- Directions for this task -
Look below for the line containing "v x \<noteq>" and the line containing "using assms(1,2) by (simp"; repeat exactly those two lines and all lines between them, and nothing else.

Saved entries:
┏━━
(* F need not be measurable: it is dominated by G divided by the (measurable) density of
   gauss_conv Q sigma, and that quotient is integrated. *)
lemma nn_integral_gauss_conv_le:
  fixes Q :: "'a::euclidean_space measure" and F G :: "'a \<Rightarrow> ennreal"
  assumes "prob_space Q" and sets_Q[measurable_cong]: "sets Q = sets borel" and "\<sigma> > 0"
    and [measurable]: "G \<in> borel_measurable borel"
    and FG: "\<And>y. F y * (\<integral>\<^sup>+m. gauss_pdf \<sigma> (y - m) \<partial>Q) \<le> G y"
  shows "(\<integral>\<^sup>+y. F y \<partial>gauss_conv Q \<sigma>) \<le> (\<integral>\<^sup>+y. G y \<partial>lborel)"
proof -
  interpret Q: prob_space Q by fact
  define D where "D y = (\<integral>\<^sup>+m. gauss_pdf \<sigma> (y - m) \<partial>Q)" for y
  have D: "D y \<noteq> 0" "D y \<noteq> \<infinity>" for y
    unfolding D_def using gauss_conv_density_pos_finite[OF assms(1-3)] by auto
  have [measurable]: "D \<in> borel_measurable borel"
    unfolding D_def by measurable
  have "F y \<le> G y / D y" for y
    using divide_right_mono_ennreal[OF FG[of y, folded D_def], of "D y"]
    by (metis mult_divide_eq_ennreal D infinity_ennreal_def)
  then have "(\<integral>\<^sup>+y. F y \<partial>gauss_conv Q \<sigma>) \<le> (\<integral>\<^sup>+y. G y / D y \<partial>gauss_conv Q \<sigma>)"
    by (intro nn_integral_mono)
  also have "\<dots> = (\<integral>\<^sup>+y. G y / D y * D y \<partial>lborel)"
    unfolding D_def
    by (rule nn_integral_gauss_conv[OF Q.sigma_finite_measure_axioms sets_Q \<open>\<sigma> > 0\<close>]) measurable
  also have "\<dots> = (\<integral>\<^sup>+y. G y \<partial>lborel)"
    by (metis ennreal_divide_times ennreal_divide_self D infinity_ennreal_def mult.right_neutral top.not_eq_extremum)
  finally show ?thesis .
qed

lemma nn_integral_gauss_halfspace_le:
  fixes u :: "'a::euclidean_space"
  assumes "\<sigma> > 0" and "u \<noteq> 0" and "t \<ge> 0"
  shows "(\<integral>\<^sup>+z. indicator {z. t \<le> z \<bullet> u} z * ennreal (gauss_pdf \<sigma> z) \<partial>lborel)
      \<le> exp (- t\<^sup>2 / (2 * \<sigma>\<^sup>2 * (norm u)\<^sup>2))"
proof -
  define l where "l = t / (\<sigma>\<^sup>2 * (norm u)\<^sup>2)"
  have "l \<ge> 0" using \<open>t \<ge> 0\<close> by (simp add: l_def)
  have chernoff: "gauss_pdf \<sigma> z \<le> exp (- l * t) * (gauss_pdf \<sigma> z * exp (l * (z \<bullet> u)))"
    if "t \<le> z \<bullet> u" for z
  proof -
    have "1 \<le> exp (l * (z \<bullet> u - t))"
      using \<open>l \<ge> 0\<close> that by simp
    from mult_right_mono[OF this gauss_pdf_nonneg[OF \<open>\<sigma> > 0\<close>]] show ?thesis
      by (simp add: right_diff_distrib exp_diff exp_minus field_simps)
  qed
  have "(\<integral>\<^sup>+z. indicator {z. t \<le> z \<bullet> u} z * ennreal (gauss_pdf \<sigma> z) \<partial>lborel)
      \<le> (\<integral>\<^sup>+z. ennreal (exp (- l * t) * (gauss_pdf \<sigma> z * exp (l * (z \<bullet> u)))) \<partial>lborel)"
    using chernoff by (intro nn_integral_mono) (auto simp: indicator_def intro!: ennreal_leI)
  also have "\<dots> = exp (- l * t) * exp (l\<^sup>2 * \<sigma>\<^sup>2 * (norm u)\<^sup>2 / 2)"
    by (simp add: ennreal_mult' nn_integral_cmult nn_integral_gauss_pdf_exp_inner[OF \<open>\<sigma> > 0\<close>])
  also have "exp (- l * t) * exp (l\<^sup>2 * \<sigma>\<^sup>2 * (norm u)\<^sup>2 / 2) = exp (- t\<^sup>2 / (2 * \<sigma>\<^sup>2 * (norm u)\<^sup>2))"
    using assms by (simp add: l_def exp_add[symmetric] power2_eq_square field_simps)
  finally show ?thesis .
qed

lemma dist_le_dist_imp_inner_ge:
  fixes y \<mu> c c' :: "'a::euclidean_space"
  assumes "dist y c \<le> dist y c'"
  shows "((norm (\<mu> - c))\<^sup>2 - (norm (\<mu> - c'))\<^sup>2) / 2 \<le> (y - \<mu>) \<bullet> (c - c')"
proof -
  have "(norm ((y - \<mu>) - (c - \<mu>)))\<^sup>2 \<le> (norm ((y - \<mu>) - (c' - \<mu>)))\<^sup>2"
    using assms by (simp add: dist_norm power_mono)
  then show ?thesis
    unfolding norm_diff_power2[of "y - \<mu>"]
    by (simp add: inner_diff_right norm_minus_commute[of \<mu>])
qed

lemma voronoi_gauss_tail_le:
  fixes \<mu> c c' :: "'a::euclidean_space"
  assumes "\<sigma> > 0" and "R \<ge> 0" and "norm (\<mu> - c') \<le> R" and "R < norm (\<mu> - c)"
    and [measurable]: "V \<in> sets borel" and closer: "\<forall>y\<in>V. dist y c \<le> dist y c'"
  shows "(\<integral>\<^sup>+y. indicator V y * ennreal (gauss_pdf \<sigma> (y - \<mu>)) \<partial>lborel)
      \<le> exp (- (norm (\<mu> - c) - R)\<^sup>2 / (8 * \<sigma>\<^sup>2))"
proof -
  define \<rho> where "\<rho> = norm (\<mu> - c)"
  define u where "u = c - c'"
  define t where "t = (\<rho>\<^sup>2 - R\<^sup>2) / 2"
  have "u \<noteq> 0" using assms(3,4) by (auto simp: u_def)
  have "t \<ge> 0" using assms(2,4) by (simp add: t_def \<rho>_def power_mono)
  have "norm u \<le> \<rho> + R"
    using norm_triangle_ineq[of "c - \<mu>" "\<mu> - c'"] assms(3) by (simp add: u_def \<rho>_def norm_minus_commute)
  then have "(\<rho> - R)\<^sup>2 * (norm u)\<^sup>2 \<le> (\<rho> - R)\<^sup>2 * (\<rho> + R)\<^sup>2"
    by (intro mult_left_mono power_mono) auto
  also have "\<dots> = 4 * t\<^sup>2"
    by (simp add: t_def power2_eq_square algebra_simps)
  finally have exponent: "(\<rho> - R)\<^sup>2 / (8 * \<sigma>\<^sup>2) \<le> t\<^sup>2 / (2 * \<sigma>\<^sup>2 * (norm u)\<^sup>2)"
    using \<open>\<sigma> > 0\<close> \<open>u \<noteq> 0\<close> by (simp add: field_simps)
  have "(norm (\<mu> - c'))\<^sup>2 \<le> R\<^sup>2"
    using assms(3) by (simp add: power_mono)
  then have "indicator V y \<le> (indicator {z. t \<le> z \<bullet> u} (y - \<mu>) :: ennreal)" for y
    using dist_le_dist_imp_inner_ge[of y c c' \<mu>] closer
    by (auto simp: indicator_def t_def \<rho>_def u_def power_mono)
  then have "(\<integral>\<^sup>+y. indicator V y * ennreal (gauss_pdf \<sigma> (y - \<mu>)) \<partial>lborel)
      \<le> (\<integral>\<^sup>+y. indicator {z. t \<le> z \<bullet> u} (y - \<mu>) * ennreal (gauss_pdf \<sigma> (y - \<mu>)) \<partial>lborel)"
    by (intro nn_integral_mono mult_right_mono) auto
  also have "\<dots> = (\<integral>\<^sup>+z. indicator {z. t \<le> z \<bullet> u} z * ennreal (gauss_pdf \<sigma> z) \<partial>lborel)"
    by (rule nn_integral_lborel_translate) measurable
  also have "\<dots> \<le> exp (- t\<^sup>2 / (2 * \<sigma>\<^sup>2 * (norm u)\<^sup>2))"
    by (rule nn_integral_gauss_halfspace_le) fact+
  also have "\<dots> \<le> exp (- (\<rho> - R)\<^sup>2 / (8 * \<sigma>\<^sup>2))"
    using exponent by (intro ennreal_leI) simp
  finally show ?thesis unfolding \<rho>_def .
qed

lemma integral_weighted_power2_le:
  fixes v a :: "'x \<Rightarrow> real"
  assumes "integrable M v" "integrable M (\<lambda>x. v x * a x)" "integrable M (\<lambda>x. v x * (a x)\<^sup>2)"
    and v: "\<And>x. v x \<ge> 0"
  shows "(\<integral>x. v x * a x \<partial>M)\<^sup>2 \<le> (\<integral>x. v x \<partial>M) * (\<integral>x. v x * (a x)\<^sup>2 \<partial>M)"
proof (cases "(\<integral>x. v x \<partial>M) = 0")
  case True
  then have "AE x in M. v x = 0"
    using integral_nonneg_eq_0_iff_AE[OF assms(1)] v by auto
  then have "(\<integral>x. v x * a x \<partial>M) = 0"
    by (intro integral_eq_zero_AE) auto
  then show ?thesis using True by simp
next
  case False
  define W where "W = (\<integral>x. v x \<partial>M)"
  define X where "X = (\<integral>x. v x * a x \<partial>M)"
  define Y where "Y = (\<integral>x. v x * (a x)\<^sup>2 \<partial>M)"
  have "W \<ge> 0"
    unfolding W_def by (rule Bochner_Integration.integral_nonneg) (simp add: v)
  with False have "W > 0"
    by (simp add: W_def)
  have expand: "v x * (W * a x - X)\<^sup>2 = W\<^sup>2 * (v x * (a x)\<^sup>2) - (2 * W * X) * (v x * a x) + X\<^sup>2 * v x" for x
    by (simp add: power2_eq_square algebra_simps)
  have "0 \<le> (\<integral>x. v x * (W * a x - X)\<^sup>2 \<partial>M)"
    using v by (intro Bochner_Integration.integral_nonneg) simp
  also have "\<dots> = W\<^sup>2 * Y - (2 * W * X) * X + X\<^sup>2 * W"
    unfolding expand using assms(1-3) by (simp add: W_def X_def Y_def)
  finally have "W * X\<^sup>2 \<le> W * (W * Y)"
    by (simp add: power2_eq_square algebra_simps)
  then show ?thesis
    using \<open>W > 0\<close> by (simp add: W_def X_def Y_def)
qed

lemma norm_integral_weighted_power2_le:
  fixes v :: "'x \<Rightarrow> real" and a :: "'x \<Rightarrow> 'a::{banach, second_countable_topology}"
  assumes "integrable M v" "integrable M (\<lambda>x. v x *\<^sub>R a x)" "integrable M (\<lambda>x. v x * (norm (a x))\<^sup>2)"
    and v: "\<And>x. v x \<ge> 0"
  shows "(norm (\<integral>x. v x *\<^sub>R a x \<partial>M))\<^sup>2 \<le> (\<integral>x. v x \<partial>M) * (\<integral>x. v x * (norm (a x))\<^sup>2 \<partial>M)"
proof -
  have "integrable M (\<lambda>x. v x * norm (a x))"
    using integrable_norm[OF assms(2)] v by (simp add: abs_of_nonneg)
  have "norm (\<integral>x. v x *\<^sub>R a x \<partial>M) \<le> (\<integral>x. v x * norm (a x) \<partial>M)"
    using integral_norm_bound[of M "\<lambda>x. v x *\<^sub>R a x"] v by (simp add: abs_of_nonneg)
  then have "(norm (\<integral>x. v x *\<^sub>R a x \<partial>M))\<^sup>2 \<le> (\<integral>x. v x * norm (a x) \<partial>M)\<^sup>2"
    by (rule power_mono) simp
  also have "\<dots> \<le> (\<integral>x. v x \<partial>M) * (\<integral>x. v x * (norm (a x))\<^sup>2 \<partial>M)"
    by (rule integral_weighted_power2_le) fact+
  finally show ?thesis .
qed

lemma weighted_mean_mem_cball:
  fixes v :: "'a::euclidean_space \<Rightarrow> real"
  assumes "integrable M v" "integrable M (\<lambda>x. v x *\<^sub>R x)" "0 < (\<integral>x. v x \<partial>M)"
    and v: "\<And>x. v x \<ge> 0" and supp: "\<And>x. v x \<noteq> 0 \<Longrightarrow> x \<in> cball c r"
  shows "(\<integral>x. v x *\<^sub>R x \<partial>M) /\<^sub>R (\<integral>x. v x \<partial>M) \<in> cball c r"
proof -
  define Z where "Z = (\<integral>x. v x \<partial>M)"
  define A where "A = (\<integral>x. v x *\<^sub>R x \<partial>M)"
  have "Z > 0" using assms(3) by (simp add: Z_def)
  have "A - Z *\<^sub>R c = (\<integral>x. v x *\<^sub>R (x - c) \<partial>M)"
    using assms(1,2) by (simp add: A_def Z_def scaleR_diff_right)
  also have "norm \<dots> \<le> (\<integral>x. norm (v x *\<^sub>R (x - c)) \<partial>M)"
    by (rule integral_norm_bound)
  also have "\<dots> \<le> (\<integral>x. r * v x \<partial>M)"
  proof (rule integral_mono)
    show "integrable M (\<lambda>x. norm (v x *\<^sub>R (x - c)))"
      using assms(1,2) by (intro integrable_norm) (simp add: scaleR_diff_right)
    show "norm (v x *\<^sub>R (x - c)) \<le> r * v x" for x
      using supp[of x] v[of x] by (cases "v x = 0") (auto simp: dist_norm norm_minus_commute)
  qed (use assms(1) in simp)
  also have "\<dots> = r * Z"
    by (simp add: Z_def)
  finally have bound: "norm (A - Z *\<^sub>R c) \<le> r * Z" .
  have "dist c (A /\<^sub>R Z) = norm (A /\<^sub>R Z - c)"
    by (simp add: dist_norm norm_minus_commute)
  also have "A /\<^sub>R Z - c = (1 / Z) *\<^sub>R (A - Z *\<^sub>R c)"
    using \<open>Z > 0\<close> by (simp add: scaleR_diff_right inverse_eq_divide)
  also have "norm \<dots> = norm (A - Z *\<^sub>R c) / Z"
    using \<open>Z > 0\<close> by simp
  finally show ?thesis
    using bound \<open>Z > 0\<close> by (simp add: A_def Z_def pos_divide_le_eq mult.commute)
qed

lemma mult_norm_scaleR_inverse_diff_power2:
  fixes A m :: "'a::real_normed_vector"
  assumes "Z > 0"
  shows "Z * (norm (A /\<^sub>R Z - m))\<^sup>2 = (norm (A - Z *\<^sub>R m))\<^sup>2 / Z"
proof -
  have "A /\<^sub>R Z - m = (1 / Z) *\<^sub>R (A - Z *\<^sub>R m)"
    using assms by (simp add: scaleR_diff_right inverse_eq_divide)
  then show ?thesis
    using assms by (simp add: power2_eq_square)
qed

lemma norm_diff_power2_le_of_mem_cball:
  assumes "m \<in> cball c r"
  shows "(norm (\<mu> - m))\<^sup>2 \<le> 2 * (norm (\<mu> - c))\<^sup>2 + 2 * r\<^sup>2"
proof -
  have "norm (\<mu> - m) \<le> norm (\<mu> - c) + r"
    using norm_triangle_ineq[of "\<mu> - c" "c - m"] assms by (simp add: dist_norm)
  then have "(norm (\<mu> - m))\<^sup>2 \<le> (norm (\<mu> - c) + r)\<^sup>2"
    by (rule power_mono) simp
  also have "\<dots> \<le> 2 * (norm (\<mu> - c))\<^sup>2 + 2 * r\<^sup>2"
    using sum_squares_bound[of "norm (\<mu> - c)" r] by (simp add: power2_sum)
  finally show ?thesis .
qed

(* For mu outside the ball this bounds |mu - m|^2 uniformly in m \<in> cball c r. *)
definition tail_weight :: "'a::euclidean_space \<Rightarrow> real \<Rightarrow> 'a \<Rightarrow> real" where
  "tail_weight c r \<mu> = indicator (- cball c r) \<mu> * (2 * (norm (\<mu> - c))\<^sup>2 + 2 * r\<^sup>2)"

lemma tail_weight_nonneg: "tail_weight c r \<mu> \<ge> 0"
  by (simp add: tail_weight_def)

lemma borel_measurable_tail_weight[measurable]: "tail_weight c r \<in> borel_measurable borel"
  unfolding tail_weight_def[abs_def] by measurable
┗━━
- Solution for this exercise -
    and v: "\<And>x. v x \<ge> 0" and supp: "\<And>x. v x \<noteq> 0 \<Longrightarrow> x \<in> cball c r"
  shows "(\<integral>x. v x *\<^sub>R x \<partial>M) /\<^sub>R (\<integral>x. v x \<partial>M) \<in> cball c r"
proof -
  define Z where "Z = (\<integral>x. v x \<partial>M)"
  define A where "A = (\<integral>x. v x *\<^sub>R x \<partial>M)"
  have "Z > 0" using assms(3) by (simp add: Z_def)
  have "A - Z *\<^sub>R c = (\<integral>x. v x *\<^sub>R (x - c) \<partial>M)"
    using assms(1,2) by (simp add: A_def Z_def scaleR_diff_right)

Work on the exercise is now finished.